The Dallas Morning News
Will artificial intelligence replace your physician?
CHATGPT passed exams and fell short when interacting with patients, but it has a place in medicine
To practice medicine in the United States, one needs to pass three Medical Licensing Exams. Medical students spend countless hours studying to pass these exams, also known as USMLES. During the first exam or Step 1, for example, a typical medical student will study 500 to 600 hours over six to eight weeks, averaging 10 hours a day.
Recently, the Generative Pretrained Transformer, CHATGPT, a generative artificial intelligence developed at the Openai research laboratory, passed or nearly met the passing threshold for all three medical exams without any specialized training, human input or reinforcement. In the study, “Performance of CHATGPT on USMLE: Potential for Ai-assisted medical education using large language models” published in PLOS Digital Health, the authors found CHATGPT demonstrated a high level of consistency and insight into its explanations for choosing the correct answer.
In another study titled “CHATGPT and antimicrobial advice: The end of the consulting infection doctor?” published in England’s premier medical journal, The Lancet, the authors asked CHATGPT eight hypothetical questions about infectious disease scenarios. They found CHATGPT recommended treatments that were appropriate for the diagnosis, prescribed antibiotics only if medically necessary, and recognized the implications of clinical response by providing management options, disclaimers and sources of advice.
In certain scenarios, however, CHATGPT ignored its own advice and missed patient safety clues, recommending inappropriate management plans. More worrisome, CHATGPT entered “failure modes” during which dangerous advice was repeatedly given despite prompting and redirecting.
While CHATGPT can pass licensing exams, it does have limitations when interacting directly in patient care.
Regardless, these limitations will not prevent CHATGPT from being further used by both doctors and patients. What started out as “Doctor Google” has been transformed into something more influential. From a single prompt, CHATGPT can examine millions of data points and prioritize a few hundred words that are most relevant to the questions by integrating information from various sources into a concrete statement. In addition, AI can mitigate many human limitations in decision-making: mainly, decisions that are driven by emotions such as fear and greed, and various cognitive biases.
However, as the AI model continues to improve, there will be a predisposition toward relying on an automated system, while reducing human cognitive and emotional elements. That is, without human input, Aigenerated answers will produce overconfidence in results, a phenomenon known as “automation bias.”

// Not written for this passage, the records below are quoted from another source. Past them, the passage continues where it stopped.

lemma bcont_Urysohn:
  fixes K C :: "'a::t2_space set"
  assumes "locally_compact_space (euclidean :: 'a topology)" "compact K" "closed C" "K \<inter> C = {}"
  obtains f :: "'a \<Rightarrow> real"
    where "bcont f" "\<And>x. 0 \<le> f x \<and> f x \<le> 1" "\<And>x. x \<in> K \<Longrightarrow> f x = 1" "\<And>x. x \<in> C \<Longrightarrow> f x = 0"
proof -
  have "completely_regular_space (euclidean :: 'a topology)"
    using locally_compact_regular_imp_completely_regular_space assms(1) Hausdorff_space_euclidean_t2
    by blast
  moreover have "disjnt K C"
    using assms(4) by (simp add: disjnt_def)
  ultimately obtain f :: "'a \<Rightarrow> real"
    where f: "continuous_map euclidean (top_of_set {0..1}) f" "f ` C \<subseteq> {0}" "f ` K \<subseteq> {1}"
    using Urysohn_completely_regular_compact_closed[of 0 1 euclidean K C] assms(2,3) by auto
  have range: "0 \<le> f x \<and> f x \<le> 1" for x
    using f(1) by (auto simp: continuous_map_in_subtopology)
  have "continuous_on UNIV f"
    using f(1) by (simp add: continuous_map_in_subtopology continuous_map_iff_continuous)
  moreover have "bounded (range f)"
    using range by (metis bounded_closed_interval bounded_subset image_subset_iff atLeastAtMost_iff)
  ultimately have "bcont f"
    unfolding bcont_def by blast
  then show ?thesis
    using f(2,3) range by (intro that[of f]) (auto simp: image_subset_iff)
qed

lemma measurable_borel_continuous_on:
  assumes "continuous_on UNIV f" "sets M = sets borel"
  shows "f \<in> M \<rightarrow>\<^sub>M borel"
  by (subst measurable_cong_sets[OF assms(2) refl]) (rule borel_measurable_continuous_onI[OF assms(1)])

lemma bcont_bounded:
  assumes "bcont f"
  obtains B where "\<And>x. norm (f x) \<le> B"
proof -
  obtain B where "\<forall>y \<in> range f. norm y \<le> B"
    using assms unfolding bcont_def bounded_iff by blast
  then show thesis
    using that by blast
qed

lemma integrable_bcont:
  assumes "finite_measure M" "sets M = sets borel" "bcont f"
  shows "integrable M f"
proof -
  obtain B where B: "\<And>x. norm (f x) \<le> B"
    using bcont_bounded[OF assms(3)] by blast
  have "f \<in> borel_measurable M"
    by (rule measurable_borel_continuous_on[OF _ assms(2)]) (use assms(3) in \<open>simp add: bcont_def\<close>)
  then show ?thesis
    using finite_measure.integrable_const_bound[OF assms(1), of f B] B by simp
qed

lemma regular_borel_probD:
  assumes "regular_borel_prob \<mu>"
  shows "prob_space \<mu>" and "sets \<mu> = sets borel"
    and "B \<in> sets borel \<Longrightarrow> emeasure \<mu> B = (SUP K \<in> {K. compact K \<and> K \<subseteq> B}. emeasure \<mu> K)"
  using assms unfolding regular_borel_prob_def by auto

lemma emeasure_eq_measure_prob: "prob_space M \<Longrightarrow> emeasure M A = ennreal (measure M A)"
  by (simp add: finite_measure.emeasure_eq_measure prob_space_def)

lemma prob_compl_borel:
  assumes "prob_space M" "sets M = sets borel" "A \<in> sets borel"
  shows "measure M (- A) = 1 - measure M A"
  using prob_space.prob_compl[OF assms(1), of A] sets_eq_imp_space_eq[OF assms(2)] assms
  by (simp add: Compl_eq_Diff_UNIV)

text \<open>A Urysohn function separating K from a compact C \<subseteq> -K gives M(K) \<le> N(-C); inner
  regularity of N on the open set -K then yields M(K) \<le> N(K).\<close>
lemma measure_compact_le_of_integral_eq:
  fixes M N :: "'a::t2_space measure"
  assumes lc: "locally_compact_space (euclidean :: 'a topology)"
    and M: "prob_space M" "sets M = sets borel" and N: "regular_borel_prob N"
    and eq: "\<And>f. bcont f \<Longrightarrow> integral\<^sup>L M f = integral\<^sup>L N f"
    and K: "compact K"
  shows "measure M K \<le> measure N K"
proof -
  note Np = regular_borel_probD(1)[OF N] and Ns = regular_borel_probD(2)[OF N]
    and Nreg = regular_borel_probD(3)[OF N]
  have Kc: "closed K"
    using K compact_imp_closed by blast
  have separate: "measure M K \<le> 1 - measure N C" if C: "compact C" "C \<subseteq> - K" for C
  proof -
    obtain f :: "'a \<Rightarrow> real"
      where f: "bcont f" "\<And>x. 0 \<le> f x \<and> f x \<le> 1" "\<And>x. x \<in> K \<Longrightarrow> f x = 1" "\<And>x. x \<in> C \<Longrightarrow> f x = 0"
      using bcont_Urysohn[OF lc K compact_imp_closed[OF C(1)]] C by blast
    have fin: "finite_measure M" "finite_measure N"
      using M(1) Np by (auto simp: prob_space_def)
    have Cc: "closed C"
      using C(1) compact_imp_closed by blast
    have "integrable M (indicator K :: 'a \<Rightarrow> real)"
      using Kc M(2) finite_measure.emeasure_finite[OF fin(1), of K] by (simp add: less_top)
    then have "integral\<^sup>L M (indicator K) \<le> integral\<^sup>L M f"
      by (rule integral_mono[OF _ integrable_bcont[OF fin(1) M(2) f(1)]])
        (use f in \<open>auto simp: indicator_def\<close>)
    moreover have "integrable N (indicator (- C) :: 'a \<Rightarrow> real)"
      using Cc Ns finite_measure.emeasure_finite[OF fin(2), of "- C"] by (simp add: less_top)
    then have "integral\<^sup>L N f \<le> integral\<^sup>L N (indicator (- C))"
      by (rule integral_mono[OF integrable_bcont[OF fin(2) Ns f(1)]])
        (use f in \<open>auto simp: indicator_def\<close>)
    moreover have "measure M K = integral\<^sup>L M (indicator K)"
      using sets_eq_imp_space_eq[OF M(2)] by simp
    moreover have "integral\<^sup>L M f = integral\<^sup>L N f"
      using eq f(1) by simp
    moreover have "integral\<^sup>L N (indicator (- C)) = 1 - measure N C"
      using sets_eq_imp_space_eq[OF Ns] prob_compl_borel[OF Np Ns] Cc by simp
    ultimately show ?thesis
      by linarith
  qed
  have "emeasure N (- K) \<le> ennreal (1 - measure M K)"
    unfolding Nreg[OF borel_open[OF open_Compl[OF Kc]]]
  proof (rule SUP_least)
    fix C assume "C \<in> {C. compact C \<and> C \<subseteq> - K}"
    then have "measure N C \<le> 1 - measure M K"
      using separate[of C] by simp
    then show "emeasure N C \<le> ennreal (1 - measure M K)"
      by (simp add: emeasure_eq_measure_prob[OF Np] ennreal_leI)
  qed
  then have "measure N (- K) \<le> 1 - measure M K"
    using prob_space.prob_le_1[OF M(1)] by (simp add: emeasure_eq_measure_prob[OF Np] ennreal_le_iff)
  then show ?thesis
    using prob_compl_borel[OF Np Ns] Kc by simp
qed

lemma regular_borel_prob_distr:
  fixes T :: "'a::topological_space \<Rightarrow> 'b::t2_space"
  assumes \<mu>: "regular_borel_prob \<mu>" and T: "continuous_on UNIV T"
  shows "regular_borel_prob (distr \<mu> borel T)"
proof -
  note \<mu>p = regular_borel_probD(1)[OF \<mu>] and \<mu>s = regular_borel_probD(2)[OF \<mu>]
    and \<mu>reg = regular_borel_probD(3)[OF \<mu>]
  have Tm: "T \<in> \<mu> \<rightarrow>\<^sub>M borel"
    using measurable_borel_continuous_on[OF T \<mu>s] .
  have space: "space \<mu> = UNIV"
    using sets_eq_imp_space_eq[OF \<mu>s] by simp
  define D where "D = distr \<mu> borel T"
  have D: "emeasure D B = emeasure \<mu> (T -` B)" if "B \<in> sets borel" for B
    unfolding D_def using emeasure_distr[OF Tm that] space by simp
  have "emeasure D B \<le> (SUP K \<in> {K. compact K \<and> K \<subseteq> B}. emeasure D K)" if B: "B \<in> sets borel" for B
  proof -
    have "T -` B \<in> sets borel"
      using measurable_sets[OF Tm B] \<mu>s space by simp
    then have "emeasure D B = (SUP K \<in> {K. compact K \<and> K \<subseteq> T -` B}. emeasure \<mu> K)"
      using D[OF B] \<mu>reg by simp
    also have "\<dots> \<le> (SUP K \<in> {K. compact K \<and> K \<subseteq> B}. emeasure D K)"
    proof (rule SUP_least)
      fix K assume "K \<in> {K. compact K \<and> K \<subseteq> T -` B}"
      then have K: "compact K" "K \<subseteq> T -` B" by auto
      have TK: "compact (T ` K)"
        using compact_continuous_image[OF continuous_on_subset[OF T] K(1)] by simp
      then have TKb: "T ` K \<in> sets borel"
        using borel_closed compact_imp_closed by blast
      have "emeasure \<mu> K \<le> emeasure \<mu> (T -` (T ` K))"
        using measurable_sets[OF Tm TKb] space by (intro emeasure_mono) auto
      also have "\<dots> = emeasure D (T ` K)"
        using D[OF TKb] by simp
      finally show "emeasure \<mu> K \<le> (SUP K \<in> {K. compact K \<and> K \<subseteq> B}. emeasure D K)"
        using TK K(2) by (blast intro: SUP_upper2)
    qed
    finally show ?thesis .
  qed
  moreover have "(SUP K \<in> {K. compact K \<and> K \<subseteq> B}. emeasure D K) \<le> emeasure D B"
    if "B \<in> sets borel" for B
    using that by (intro SUP_least emeasure_mono) (auto simp: D_def)
  moreover have "prob_space D"
    unfolding D_def using prob_space.prob_space_distr[OF \<mu>p Tm] .
  moreover have "sets D = sets borel"
    unfolding D_def by simp
  ultimately show ?thesis
    unfolding regular_borel_prob_def D_def[symmetric] by (blast intro: antisym)
qed
text \<open>Rayleigh: if v maximises the quadratic form of M on the unit sphere, with maximum L, then
  L I - M is positive semidefinite with v in the null space of its form, so v is an eigenvector.\<close>
lemma symmetric_quadratic_form_le_eigenvalue:
  fixes M :: "real^'n^'n"
  assumes sym: "transpose M = M"
  shows "\<exists>L\<in>eigenvalues M. \<forall>x. x \<bullet> (M *v x) \<le> L * (x \<bullet> x)"
proof -
  have "axis undefined 1 \<in> sphere (0::real^'n) 1"
    by simp
  then have "sphere (0::real^'n) 1 \<noteq> {}"
    by blast
  moreover have "continuous_on (sphere 0 1) (\<lambda>x. x \<bullet> (M *v x))"
    by (intro continuous_intros)
  ultimately obtain v where "v \<in> sphere 0 1"
    and "\<forall>y\<in>sphere 0 1. y \<bullet> (M *v y) \<le> v \<bullet> (M *v v)"
    using continuous_attains_sup[OF compact_sphere] by blast
  then have v: "norm v = 1" and vmax: "\<And>y. norm y = 1 \<Longrightarrow> y \<bullet> (M *v y) \<le> v \<bullet> (M *v v)"
    by simp_all
  define L where "L = v \<bullet> (M *v v)"
  have bound: "x \<bullet> (M *v x) \<le> L * (x \<bullet> x)" for x
  proof (cases "x = 0")
    case False
    have "((1 / norm x) *\<^sub>R x) \<bullet> (M *v ((1 / norm x) *\<^sub>R x)) \<le> L"
      unfolding L_def using False by (intro vmax) simp
    moreover have "((1 / norm x) *\<^sub>R x) \<bullet> (M *v ((1 / norm x) *\<^sub>R x)) = (x \<bullet> (M *v x)) / (norm x)\<^sup>2"
      by (simp add: matrix_vector_mult_scaleR power2_eq_square)
    ultimately have "(x \<bullet> (M *v x)) / (norm x)\<^sup>2 \<le> L" by linarith
    then show ?thesis
      using False by (simp add: divide_le_eq dot_square_norm mult.commute)
  qed simp
  define N where "N = L *\<^sub>R mat 1 - M"
  have Nv: "N *v x = L *\<^sub>R x - M *v x" for x
    by (simp add: N_def matrix_vector_mult_diff_rdistrib flip: scaleR_matrix_vector_assoc)
  have "N *v v = 0"
  proof (rule psd_quadratic_form_eq_0_imp)
    show "transpose N = N" by (rule symmetric_matrixI) (simp add: Nv inner_diff_left inner_diff_right symmetric_matrix_inner[OF sym])
    show "0 \<le> x \<bullet> (N *v x)" for x using bound[of x] by (simp add: Nv inner_diff_right)
    show "v \<bullet> (N *v v) = 0" using v by (simp add: Nv inner_diff_right L_def dot_square_norm)
  qed
  then have "M *v v = L *\<^sub>R v" by (simp add: Nv)
  moreover have "v \<noteq> 0" using v by auto
  ultimately have "L \<in> eigenvalues M" unfolding eigenvalues_def by blast
  then show ?thesis using bound by blast
qed

lemma lambda_max_symmetric:
  fixes M :: "real^'n^'n"
  assumes sym: "transpose M = M"
  shows "lambda_max M \<in> eigenvalues M" "x \<bullet> (M *v x) \<le> lambda_max M * (x \<bullet> x)"
proof -
  obtain L where L: "L \<in> eigenvalues M" and bound: "\<And>x. x \<bullet> (M *v x) \<le> L * (x \<bullet> x)"
    using symmetric_quadratic_form_le_eigenvalue[OF sym] by blast
  have "\<mu> \<le> L" if \<mu>: "\<mu> \<in> eigenvalues M" for \<mu>
  proof -
    obtain u where "u \<bullet> u > 0" "u \<bullet> (M *v u) = \<mu> * (u \<bullet> u)"
      using eigenvalue_quadratic_form[OF \<mu>] by blast
    then show ?thesis using bound[of u] by (simp add: mult_le_cancel_right_pos)
  qed
  then have "lambda_max M = L"
    unfolding lambda_max_def using L symmetric_eigenvalues_finite[OF sym] by (intro Max_eqI) auto
  then show "lambda_max M \<in> eigenvalues M" "x \<bullet> (M *v x) \<le> lambda_max M * (x \<bullet> x)"
    using L bound by simp_all
qed

lemma gram_eigenvalue_nonneg:
  fixes A :: "real^'n^'m"
  assumes "\<mu> \<in> eigenvalues (transpose A ** A)"
  shows "0 \<le> \<mu>"
proof -
  obtain u where u: "u \<bullet> u > 0" "u \<bullet> ((transpose A ** A) *v u) = \<mu> * (u \<bullet> u)"
    using eigenvalue_quadratic_form[OF assms] by blast
  then have "0 \<le> \<mu> * (u \<bullet> u)"
    by (metis gram_quadratic_form inner_ge_zero)
  then show ?thesis
    using u(1) by (simp add: zero_le_mult_iff)
qed

lemma sigma_max_square: "(sigma_max A)\<^sup>2 = lambda_max (transpose A ** A)"
  for A :: "real^'n^'m"
proof -
  define E where "E = eigenvalues (transpose A ** A)"
  have sym: "transpose (transpose A ** A) = transpose A ** A"
    by (simp add: matrix_transpose_mul)
  have "finite E" "E \<noteq> {}"
    using symmetric_eigenvalues_finite[OF sym] lambda_max_symmetric(1)[OF sym] by (auto simp: E_def)
  then have "sigma_max A = sqrt (Max E)"
    unfolding sigma_max_def singular_values_def E_def[symmetric]
    by (simp add: mono_Max_commute monoI)
  moreover have "0 \<le> Max E"
    using Max_in[OF \<open>finite E\<close> \<open>E \<noteq> {}\<close>] gram_eigenvalue_nonneg by (simp add: E_def)
  ultimately show ?thesis by (simp add: lambda_max_def E_def)
qed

As AI continues to advance human knowledge, there needs to be a continued human presence. The authors of the study in PLOS Digital Health discovered some of their best results when CHATGPT was used to augment the medical education process by helping humans learn.
Specifically, CHATGPT taught best when concepts were non-obvious and not in the learners’ sphere of awareness, which is a significant result when determining how to use AI in medical education and medical practice.
In a recent Wall Street Journal opinion piece by Henry Kissinger, Eric Schmidt and Daniel Huttenlocher, they discuss the philosophical and practical challenges that AI presents, ultimately positing that “AI, when coupled with human reason, stands to be a more powerful means of discovery than human reason alone.”
This is an oft-repeated phrase that carries weight as we navigate how to apply AI in the modern world. However, when considering how AI applies to medicine and patient care, AI is poor at deciphering how humans have different worldviews, emotions and needs — concepts that require a human touch.
Ultimately, CHATGPT has shown that AI can augment human reasoning in medical education and medical practice, but the results of early studies have shown the reverse is also true: human reasoning and emotion, when coupled with AI, can be more powerful than AI alone.